■ **Task to carry out**
All lines from the opening of the entries below through the line containing "interpret M: prob_space M by (rule M)" must be output exactly as they appear, with no other lines.

Data excerpts:
--*--
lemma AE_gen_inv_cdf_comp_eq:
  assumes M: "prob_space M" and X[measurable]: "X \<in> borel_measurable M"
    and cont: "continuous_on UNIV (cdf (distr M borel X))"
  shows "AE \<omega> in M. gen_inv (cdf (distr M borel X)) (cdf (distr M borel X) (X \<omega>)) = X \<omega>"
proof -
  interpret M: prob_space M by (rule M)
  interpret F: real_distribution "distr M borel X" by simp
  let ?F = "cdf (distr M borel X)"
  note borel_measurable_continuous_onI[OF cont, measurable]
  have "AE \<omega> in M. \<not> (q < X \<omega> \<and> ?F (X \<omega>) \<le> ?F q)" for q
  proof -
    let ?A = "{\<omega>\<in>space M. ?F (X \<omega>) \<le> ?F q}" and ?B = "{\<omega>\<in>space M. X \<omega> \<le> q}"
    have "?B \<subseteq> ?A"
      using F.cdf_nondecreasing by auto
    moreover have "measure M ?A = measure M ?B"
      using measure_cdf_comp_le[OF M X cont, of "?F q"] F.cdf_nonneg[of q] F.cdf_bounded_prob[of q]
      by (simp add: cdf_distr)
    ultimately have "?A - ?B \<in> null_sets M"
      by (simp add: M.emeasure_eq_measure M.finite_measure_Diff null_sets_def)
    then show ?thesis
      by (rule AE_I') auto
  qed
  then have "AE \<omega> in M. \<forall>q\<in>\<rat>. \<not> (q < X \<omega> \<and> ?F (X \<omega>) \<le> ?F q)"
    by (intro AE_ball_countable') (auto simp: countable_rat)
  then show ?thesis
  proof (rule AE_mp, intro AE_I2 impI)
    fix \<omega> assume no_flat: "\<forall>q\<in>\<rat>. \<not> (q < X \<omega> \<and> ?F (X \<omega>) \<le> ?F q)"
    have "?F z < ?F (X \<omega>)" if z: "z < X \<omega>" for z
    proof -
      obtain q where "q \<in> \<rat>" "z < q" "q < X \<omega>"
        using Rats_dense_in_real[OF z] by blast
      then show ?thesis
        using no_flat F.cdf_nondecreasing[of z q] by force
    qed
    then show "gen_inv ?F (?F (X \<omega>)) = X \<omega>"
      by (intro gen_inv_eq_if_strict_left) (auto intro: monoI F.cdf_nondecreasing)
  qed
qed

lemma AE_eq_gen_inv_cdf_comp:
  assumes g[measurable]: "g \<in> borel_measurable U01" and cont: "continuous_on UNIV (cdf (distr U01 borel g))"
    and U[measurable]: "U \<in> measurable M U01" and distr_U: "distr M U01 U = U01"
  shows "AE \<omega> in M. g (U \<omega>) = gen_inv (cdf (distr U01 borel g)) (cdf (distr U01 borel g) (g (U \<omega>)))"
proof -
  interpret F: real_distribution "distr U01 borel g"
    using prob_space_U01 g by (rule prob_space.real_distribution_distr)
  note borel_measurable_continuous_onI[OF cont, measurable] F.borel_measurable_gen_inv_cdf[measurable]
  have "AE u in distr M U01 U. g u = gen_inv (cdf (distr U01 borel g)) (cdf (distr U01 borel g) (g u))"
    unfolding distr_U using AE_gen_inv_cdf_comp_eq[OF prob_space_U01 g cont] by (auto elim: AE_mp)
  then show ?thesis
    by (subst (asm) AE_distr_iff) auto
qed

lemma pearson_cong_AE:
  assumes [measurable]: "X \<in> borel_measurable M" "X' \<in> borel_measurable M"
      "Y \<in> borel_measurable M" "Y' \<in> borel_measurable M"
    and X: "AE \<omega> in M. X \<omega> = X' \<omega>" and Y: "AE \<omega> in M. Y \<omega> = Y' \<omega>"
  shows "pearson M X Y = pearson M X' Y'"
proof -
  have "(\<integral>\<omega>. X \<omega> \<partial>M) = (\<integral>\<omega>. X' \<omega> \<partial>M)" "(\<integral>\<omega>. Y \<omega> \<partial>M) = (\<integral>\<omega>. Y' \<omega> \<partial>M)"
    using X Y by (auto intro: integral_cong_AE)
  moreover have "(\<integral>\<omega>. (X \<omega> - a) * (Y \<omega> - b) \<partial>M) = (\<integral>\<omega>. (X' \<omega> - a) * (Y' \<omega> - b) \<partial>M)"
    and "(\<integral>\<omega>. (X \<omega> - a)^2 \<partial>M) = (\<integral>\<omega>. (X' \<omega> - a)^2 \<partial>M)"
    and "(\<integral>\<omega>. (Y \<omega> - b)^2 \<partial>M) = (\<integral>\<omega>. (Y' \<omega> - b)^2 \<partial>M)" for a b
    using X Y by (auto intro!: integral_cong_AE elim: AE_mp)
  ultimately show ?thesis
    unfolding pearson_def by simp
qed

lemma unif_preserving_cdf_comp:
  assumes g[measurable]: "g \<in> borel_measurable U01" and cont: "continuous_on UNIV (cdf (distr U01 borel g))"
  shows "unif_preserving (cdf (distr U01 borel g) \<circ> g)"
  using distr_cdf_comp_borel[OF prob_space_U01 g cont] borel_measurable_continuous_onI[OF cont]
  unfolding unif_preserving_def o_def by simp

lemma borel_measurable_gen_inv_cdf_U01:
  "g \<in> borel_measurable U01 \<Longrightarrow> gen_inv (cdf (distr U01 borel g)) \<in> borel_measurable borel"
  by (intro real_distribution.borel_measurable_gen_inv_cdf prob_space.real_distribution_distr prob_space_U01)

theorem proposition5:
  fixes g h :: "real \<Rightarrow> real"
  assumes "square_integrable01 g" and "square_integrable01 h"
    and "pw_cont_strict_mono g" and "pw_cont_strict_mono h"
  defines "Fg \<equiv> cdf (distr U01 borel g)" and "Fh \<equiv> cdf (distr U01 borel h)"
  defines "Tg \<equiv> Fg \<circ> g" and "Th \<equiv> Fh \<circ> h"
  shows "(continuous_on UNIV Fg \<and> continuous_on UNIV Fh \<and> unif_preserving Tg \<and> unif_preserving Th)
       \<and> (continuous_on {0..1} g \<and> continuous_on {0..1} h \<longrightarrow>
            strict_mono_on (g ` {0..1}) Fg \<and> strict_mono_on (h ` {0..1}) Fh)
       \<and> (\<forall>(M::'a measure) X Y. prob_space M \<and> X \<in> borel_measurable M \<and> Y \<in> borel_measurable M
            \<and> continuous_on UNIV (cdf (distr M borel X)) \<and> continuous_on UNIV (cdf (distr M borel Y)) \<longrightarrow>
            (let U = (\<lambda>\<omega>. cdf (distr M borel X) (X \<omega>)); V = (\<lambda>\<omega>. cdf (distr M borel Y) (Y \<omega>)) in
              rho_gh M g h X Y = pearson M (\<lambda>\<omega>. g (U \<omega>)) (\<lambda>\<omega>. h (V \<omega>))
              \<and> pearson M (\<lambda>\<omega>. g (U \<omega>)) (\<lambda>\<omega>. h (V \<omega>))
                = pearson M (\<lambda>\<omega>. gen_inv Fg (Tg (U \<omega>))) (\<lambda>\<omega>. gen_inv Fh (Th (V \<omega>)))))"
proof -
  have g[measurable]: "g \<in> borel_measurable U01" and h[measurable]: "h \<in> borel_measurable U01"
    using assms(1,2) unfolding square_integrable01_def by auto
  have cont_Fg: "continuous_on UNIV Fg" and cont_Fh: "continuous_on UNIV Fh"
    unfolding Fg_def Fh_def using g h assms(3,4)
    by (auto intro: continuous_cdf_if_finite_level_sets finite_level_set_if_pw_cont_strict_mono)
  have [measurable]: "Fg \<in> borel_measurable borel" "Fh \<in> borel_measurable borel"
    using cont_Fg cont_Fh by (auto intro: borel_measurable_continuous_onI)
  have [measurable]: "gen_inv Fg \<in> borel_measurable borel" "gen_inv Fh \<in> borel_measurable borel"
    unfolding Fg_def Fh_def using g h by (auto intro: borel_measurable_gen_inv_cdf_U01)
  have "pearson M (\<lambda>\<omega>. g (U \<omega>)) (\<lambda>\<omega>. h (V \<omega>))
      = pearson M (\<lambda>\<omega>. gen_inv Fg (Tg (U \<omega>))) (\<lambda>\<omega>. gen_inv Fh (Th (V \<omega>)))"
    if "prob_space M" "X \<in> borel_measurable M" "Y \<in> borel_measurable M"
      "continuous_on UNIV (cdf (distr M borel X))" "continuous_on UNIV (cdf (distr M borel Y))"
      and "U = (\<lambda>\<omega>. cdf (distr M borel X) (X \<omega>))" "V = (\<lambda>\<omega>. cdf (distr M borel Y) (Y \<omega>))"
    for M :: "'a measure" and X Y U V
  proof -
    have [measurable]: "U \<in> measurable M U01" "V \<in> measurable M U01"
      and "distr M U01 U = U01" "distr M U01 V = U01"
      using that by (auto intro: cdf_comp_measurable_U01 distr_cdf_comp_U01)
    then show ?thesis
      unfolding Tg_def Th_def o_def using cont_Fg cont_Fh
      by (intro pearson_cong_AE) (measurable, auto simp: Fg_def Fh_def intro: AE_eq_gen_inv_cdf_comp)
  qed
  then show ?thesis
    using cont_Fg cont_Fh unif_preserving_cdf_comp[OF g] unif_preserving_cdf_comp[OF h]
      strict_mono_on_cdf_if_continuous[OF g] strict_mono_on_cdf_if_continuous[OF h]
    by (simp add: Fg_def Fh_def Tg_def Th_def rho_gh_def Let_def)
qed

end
--*--
■ **Problem solution**
lemma AE_gen_inv_cdf_comp_eq:
  assumes M: "prob_space M" and X[measurable]: "X \<in> borel_measurable M"
    and cont: "continuous_on UNIV (cdf (distr M borel X))"
  shows "AE \<omega> in M. gen_inv (cdf (distr M borel X)) (cdf (distr M borel X) (X \<omega>)) = X \<omega>"
proof -
  interpret M: prob_space M by (rule M)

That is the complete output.